Collected data entries:
lemma normalises_compact_open_subgroup:
  assumes G: "closed_subgroup E G" and aG: "a \<in> G"
    and open_p: "openin (subtopology (aut_top E) G) (end_stab G p)"
    and open_backward: "openin (subtopology (aut_top E) G) (end_stab G backward_ray)"
  shows "\<exists>U. compact_open_subgroup E G U \<and> conj_set a U = U"
proof -
  have G': "aut_subgroup E G" using closed_subgroup_subgroup[OF G] .
  obtain F1 where F1: "finite F1" "pointwise_stab G F1 \<subseteq> end_stab G p"
    using open_p openin_end_stab_iff[OF G'] by blast
  obtain F2 where F2: "finite F2" "pointwise_stab G F2 \<subseteq> end_stab G backward_ray"
    using open_backward openin_end_stab_iff[OF G'] by blast
  define F where "F = (F1 \<union> {p i}) \<union> (F2 \<union> {backward_ray 0})"
  have "pointwise_stab G F = pointwise_stab G (F1 \<union> {p i}) \<inter> pointwise_stab G (F2 \<union> {backward_ray 0})"
    unfolding F_def by (rule pointwise_stab_Un)
  also have "\<dots> \<subseteq> pointwise_stab G (p ` {i..}) \<inter> pointwise_stab G (backward_ray ` {0..})"
    using pointwise_stab_subset_ray_tail[OF tree G' ray F1(2)]
      pointwise_stab_subset_ray_tail[OF tree G' ray_backward_ray F2(2)] by blast
  also have "\<dots> = pointwise_stab G (p ` {i..} \<union> backward_ray ` {0..})"
    by (rule pointwise_stab_Un[symmetric])
  also have "\<dots> \<subseteq> pointwise_stab G (range axis)"
    by (rule pointwise_stab_antimono) (auto simp: axis_def)
  finally have "compact_open_subgroup E G (pointwise_stab G (range axis))"
    using F1(1) F2(1)
    by (intro compact_open_subgroup_pointwise_stab[OF tree G, of "axis 0" _ F]) (simp_all add: F_def)
  moreover have "conj_set a (pointwise_stab G (range axis)) = pointwise_stab G (range axis)"
    by (simp add: conj_set_pointwise_stab[OF G' aG] axis_invariant)
  ultimately show ?thesis by blast
qed

end

lemma translation_along_fixed_end:
  assumes g: "g \<in> aut E" and free: "\<forall>x. g x \<noteq> x" and fe: "fixes_end g p"
  obtains a i c where "a \<in> {g, inv g}" "c > 0" "\<And>m. i \<le> m \<Longrightarrow> a (p m) = p (m + c)"
proof -
  obtain i j where ij: "\<And>n. g (p (n + i)) = p (n + j)"
    using fe unfolding fixes_end_def ray_equiv_def by auto
  have "i \<noteq> j" using ij[of 0] free by auto
  then consider "i < j" | "j < i" by linarith
  then show ?thesis
  proof cases
    case 1
    have "g (p m) = p (m + (j - i))" if "i \<le> m" for m
      using ij[of "m - i"] 1 that by simp
    then show ?thesis using that[of g "j - i" i] 1 by simp
  next
    case 2
    have "inv g (p m) = p (m + (i - j))" if "j \<le> m" for m
    proof -
      have "g (p (m - j + i)) = p m" using ij[of "m - j"] that by simp
      then have "inv g (p m) = p (m - j + i)" using aut_inv_apply[OF g, of "p (m - j + i)"] by simp
      then show ?thesis using 2 that by simp
    qed
    then show ?thesis using that[of "inv g" "i - j" j] 2 by simp
  qed
qed

lemma hyperbolic_fixed_end_cases:
  assumes hyp: "hyperbolic E g" and p: "ray E p" and q: "ray E q" and pq: "\<not> ray_equiv p q"
    and fp: "fixes_end g p" and fq: "fixes_end g q" and s: "ray E s" and fs: "fixes_end g s"
  shows "ray_equiv s p \<or> ray_equiv s q"
proof -
  obtain s1 s2 where ends: "\<And>r. ray E r \<Longrightarrow> fixes_end g r \<Longrightarrow> ray_equiv r s1 \<or> ray_equiv r s2"
    using hyp unfolding hyperbolic_def by blast
  have "\<not> (ray_equiv p t \<and> ray_equiv q t)" for t
    using pq ray_equiv_trans ray_equiv_sym by blast
  then show ?thesis
    using ends[OF p fp] ends[OF q fq] ends[OF s fs] ray_equiv_trans ray_equiv_sym by blast
qed

lemma end_stab_openness_transfer:
  fixes E :: "'v \<Rightarrow> 'v \<Rightarrow> bool"
  assumes T: "locally_finite_tree E" and G: "closed_subgroup E G" and gG: "g \<in> G"
    and hyp: "hyperbolic E g" and p: "ray E p" and q: "ray E q" and pq: "\<not> ray_equiv p q"
    and fp: "fixes_end g p" and fq: "fixes_end g q"
    and open_p: "openin (subtopology (aut_top E) G) (end_stab G p)"
  shows "g \<in> G0 E G \<Longrightarrow> openin (subtopology (aut_top E) G) (end_stab G q)"
    and "openin (subtopology (aut_top E) G) (end_stab G q) \<Longrightarrow>
      \<exists>U. compact_open_subgroup E G U \<and> conj_set g U = U"
proof -
  have G': "aut_subgroup E G" using closed_subgroup_subgroup[OF G] .
  have g: "g \<in> aut E" using aut_subgroup_aut[OF G' gG] .
  obtain a i c where a: "a \<in> {g, inv g}" and translation: "c > 0" "\<And>m. i \<le> m \<Longrightarrow> a (p m) = p (m + c)"
    using translation_along_fixed_end[OF g _ fp] hyp unfolding hyperbolic_def by metis
  have aG: "a \<in> G" using a gG aut_subgroup_inv[OF G' gG] by auto
  interpret ray_translation E a p i c
    using T aut_subgroup_aut[OF G' aG] p translation by unfold_locales
  have "fixes_end g backward_ray"
    using a fixes_end_backward_ray fixes_end_inv_iff[OF g] by auto
  then have "ray_equiv backward_ray q"
    using hyperbolic_fixed_end_cases[OF hyp p q pq fp fq ray_backward_ray] not_ray_equiv_backward_ray
    by blast
  then have stab_q: "end_stab G backward_ray = end_stab G q" by (rule end_stab_cong)
  show "openin (subtopology (aut_top E) G) (end_stab G q)" if "g \<in> G0 E G"
  proof -
    have "modular_fn E G a = 1"
      using that a modular_fn_inv[OF T G gG] by (auto simp: G0_def)
    then show ?thesis
      using openin_end_stab_backward_ray[OF G aG open_p] stab_q by simp
  qed
  show "\<exists>U. compact_open_subgroup E G U \<and> conj_set g U = U"
    if open_q: "openin (subtopology (aut_top E) G) (end_stab G q)"
  proof -
    obtain U where "compact_open_subgroup E G U" "conj_set a U = U"
      using normalises_compact_open_subgroup[OF G aG open_p] open_q stab_q by auto
    moreover have "conj_set g U = U" if "conj_set (inv g) U = U"
      using arg_cong[OF that, of "conj_set g"] g by simp
    ultimately show ?thesis using a by auto
  qed
qed

theorem proposition3p4:
  fixes E :: "'v \<Rightarrow> 'v \<Rightarrow> bool" and G :: "('v \<Rightarrow> 'v) set"
    and g :: "'v \<Rightarrow> 'v" and r1 r2 :: "nat \<Rightarrow> 'v"
  assumes "locally_finite_tree E"
    and "closed_subgroup E G"
    and "g \<in> G" and "hyperbolic E g"
    and "ray E r1" and "ray E r2" and "\<not> ray_equiv r1 r2"
    and "fixes_end g r1" and "fixes_end g r2"
  shows "(openin (subtopology (aut_top E) G) (end_stab G r1) \<or>
          openin (subtopology (aut_top E) G) (end_stab G r2) \<longrightarrow>
          ((openin (subtopology (aut_top E) G) (end_stab G r1) \<and>
            openin (subtopology (aut_top E) G) (end_stab G r2)) \<longleftrightarrow> g \<in> G0 E G) \<and>
          (g \<in> G0 E G \<longleftrightarrow>
            (\<exists>U. compact_open_subgroup E G U \<and> conj_set g U = U)))
     \<and> (g \<in> G0 E G \<longrightarrow>
          (openin (subtopology (aut_top E) G) (end_stab G r1) \<longleftrightarrow>
           openin (subtopology (aut_top E) G) (end_stab G r2)))"
proof -
  have normaliser_unimodular: "g \<in> G0 E G" if "compact_open_subgroup E G U" "conj_set g U = U" for U
    using modular_fn_eq_1_if_normalises[OF assms(1-3) that] assms(3) by (simp add: G0_def)
  note transfer12 = end_stab_openness_transfer[OF assms(1-7) assms(8,9)]
  have "\<not> ray_equiv r2 r1" using assms(7) ray_equiv_sym by blast
  note transfer21 = end_stab_openness_transfer[OF assms(1-4,6,5) this assms(9,8)]
  show ?thesis using transfer12 transfer21 normaliser_unimodular by blast
qed

end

[Task statement]
In the records above, find each line with the word "free" and copy it out.

[Expected answer]
  assumes g: "g \<in> aut E" and free: "\<forall>x. g x \<noteq> x" and fe: "fixes_end g p"
  have "i \<noteq> j" using ij[of 0] free by auto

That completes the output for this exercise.